Nothing but the lines from the one containing "Upper bounds: tokens" through the one containing "the returned subgraph", both included, should be given again, each exactly as written below.

..............................

(* Let $k\ge 0$ be an integer and let $T$ be the tree on $3k+4$ vertices obtained by taking $k+1$ disjoint copies of the star $K_{1,3}$ and identifying one leaf from each copy into a single vertex. Then $Z(T)=k+2$ and $Z_k(T)=k+1$.
   Context: Filling rule: if a filled vertex has exactly one unfilled neighbor (and any number of filled neighbors), that neighbor becomes filled; "applying the filling rule in a subgraph $H$" means applying it with neighborhoods taken in $H$. The $Z_q$-Game on $G$ ($q\ge 0$ an integer): initially all vertices are unfilled; a player repeatedly performs one of the following operations until all vertices are filled: (1) for one token, change any vertex from unfilled to filled; (2) at no cost, apply the filling rule in $G$; (3) if $F$ is the current set of filled vertices and $U_1,\dots,U_k$ are the vertex sets of the connected components of $G[V(G)\setminus F]$ with $k\ge q+1$, the player announces a selection of at least $q+1$ of the $U_i$ to an oracle (an adversary), the oracle returns a nonempty subset $\{U_{i_1},\dots,U_{i_\ell}\}$ of the selected components, and the player may at no cost apply the filling rule in $G[F\cup U_{i_1}\cup\cdots\cup U_{i_\ell}]$. $Z_q(G)$ is the minimum number of tokens with which the player can guarantee that all vertices become filled, regardless of the oracle's responses. The $Z$-Game is the same game with only operations (1) and (2) allowed, and $Z(G)$ (the zero forcing number) is the minimum number of tokens needed there to fill all vertices. *)

theory Defs
  imports Main
begin

text \<open>A graph is given by a vertex set V and an adjacency relation E
(assumed symmetric and irreflexive where relevant).\<close>

definition force_in :: "'a set \<Rightarrow> ('a \<Rightarrow> 'a \<Rightarrow> bool) \<Rightarrow> 'a set \<Rightarrow> 'a \<Rightarrow> bool" where
  "force_in H E F w \<longleftrightarrow>
     (\<exists>u. u \<in> F \<and> u \<in> H \<and> w \<in> H \<and> w \<notin> F \<and> E u w \<and>
          (\<forall>x\<in>H. E u x \<and> x \<notin> F \<longrightarrow> x = w))"

definition fill_steps :: "'a set \<Rightarrow> ('a \<Rightarrow> 'a \<Rightarrow> bool) \<Rightarrow> 'a set \<Rightarrow> 'a set \<Rightarrow> bool" where
  "fill_steps H E = (\<lambda>F F'. \<exists>w. force_in H E F w \<and> F' = insert w F)\<^sup>*\<^sup>*"

definition unfilled_components :: "'a set \<Rightarrow> ('a \<Rightarrow> 'a \<Rightarrow> bool) \<Rightarrow> 'a set \<Rightarrow> 'a set set" where
  "unfilled_components V E F =
     {C. \<exists>v\<in>V - F. C = {u. (\<lambda>x y. E x y \<and> x \<in> V - F \<and> y \<in> V - F)\<^sup>*\<^sup>* v u}}"

text \<open>game_win V E qo F t: from filled set F, with t tokens left, the player can
guarantee that all vertices get filled.  qo = None is the Z-Game (operations (1),(2));
qo = Some q is the Z_q-Game (operations (1),(2),(3)).\<close>
inductive game_win :: "'a set \<Rightarrow> ('a \<Rightarrow> 'a \<Rightarrow> bool) \<Rightarrow> nat option \<Rightarrow> 'a set \<Rightarrow> nat \<Rightarrow> bool"
  for V E qo where
  finished: "F = V \<Longrightarrow> game_win V E qo F t"
| token: "v \<in> V \<Longrightarrow> v \<notin> F \<Longrightarrow> game_win V E qo (insert v F) t \<Longrightarrow> game_win V E qo F (Suc t)"
| force: "force_in V E F w \<Longrightarrow> game_win V E qo (insert w F) t \<Longrightarrow> game_win V E qo F t"
| adversary: "qo = Some q \<Longrightarrow> S \<subseteq> unfilled_components V E F \<Longrightarrow> card S \<ge> q + 1 \<Longrightarrow>
           (\<forall>R. R \<subseteq> S \<and> R \<noteq> {} \<longrightarrow>
               (\<exists>F'. fill_steps (F \<union> \<Union>R) E F F' \<and> game_win V E qo F' t)) \<Longrightarrow>
           game_win V E qo F t"

definition zero_forcing_number :: "'a set \<Rightarrow> ('a \<Rightarrow> 'a \<Rightarrow> bool) \<Rightarrow> nat" where
  "zero_forcing_number V E = (LEAST t. game_win V E None {} t)"

definition Zq :: "nat \<Rightarrow> 'a set \<Rightarrow> ('a \<Rightarrow> 'a \<Rightarrow> bool) \<Rightarrow> nat" where
  "Zq q V E = (LEAST t. game_win V E (Some q) {} t)"

text \<open>The tree T_k on vertices {0..3k+3}: vertex 0 is the identified leaf; for
i \<le> k, copy i of K_{1,3} has centre 3i+1 and other leaves 3i+2, 3i+3.\<close>
definition star_tree_adj :: "nat \<Rightarrow> nat \<Rightarrow> nat \<Rightarrow> bool" where
  "star_tree_adj k x y \<longleftrightarrow>
     (\<exists>i\<le>k. (x = 0 \<and> y = 3*i+1) \<or> (x = 3*i+1 \<and> y = 0)
          \<or> (x = 3*i+1 \<and> y = 3*i+2) \<or> (x = 3*i+2 \<and> y = 3*i+1)
          \<or> (x = 3*i+1 \<and> y = 3*i+3) \<or> (x = 3*i+3 \<and> y = 3*i+1))"

end

theory Submission
  imports Defs
begin

text \<open>
  Upper bounds: tokens on one outer leaf of every star force all centres; with one more token
  on a second leaf of some star, that star's centre forces the hub 0 and then every centre
  forces its remaining leaf.  In the \<open>Z\<^sub>k\<close>-game the \<open>k + 1\<close> unfilled leaves are
  \<open>k + 1\<close> singleton components; whichever the oracle returns is forced by its centre inside
  the returned subgraph (the hub is not in it), and the play finishes as before.

  Lower bounds: call a star touched once one of its outer leaves is filled.  Such a leaf can
  only be forced by its centre, after its sibling leaf is filled, so forcing never touches a new
  star, each token touches at most one, and at the end all \<open>k + 1\<close> stars are touched.  In
  the \<open>Z\<close>-game with \<open>k + 1\<close> tokens every token must touch a new star, so the hub and
  second leaves stay unfilled, and from such a configuration only centres can be forced.  In
  the \<open>Z\<^sub>k\<close>-game with \<open>k\<close> tokens the oracle withholds every offered singleton leaf whose
  unfilled sibling was not offered; the rest cannot touch a new star.  If all \<open>k + 1\<close>
  offered components are of the withheld kind, a counting argument shows that no star is
  touched yet, and returning one of them touches a single star.
\<close>

lemma fill_steps_trans [trans]:
  "fill_steps H E F G \<Longrightarrow> fill_steps H E G F' \<Longrightarrow> fill_steps H E F F'"
  unfolding fill_steps_def by (rule rtranclp_trans)

lemma fill_steps_subset: "fill_steps H E F F' \<Longrightarrow> F' \<subseteq> F \<union> H"
  unfolding fill_steps_def
  by (induction rule: rtranclp_induct) (auto simp: force_in_def)

lemma fill_steps_from_empty: "fill_steps H E {} F' \<Longrightarrow> F' = {}"
  unfolding fill_steps_def
  by (induction rule: rtranclp_induct) (auto simp: force_in_def)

..............................

## Output below
  Upper bounds: tokens on one outer leaf of every star force all centres; with one more token
  on a second leaf of some star, that star's centre forces the hub 0 and then every centre
  forces its remaining leaf.  In the \<open>Z\<^sub>k\<close>-game the \<open>k + 1\<close> unfilled leaves are
  \<open>k + 1\<close> singleton components; whichever the oracle returns is forced by its centre inside
  the returned subgraph (the hub is not in it), and the play finishes as before.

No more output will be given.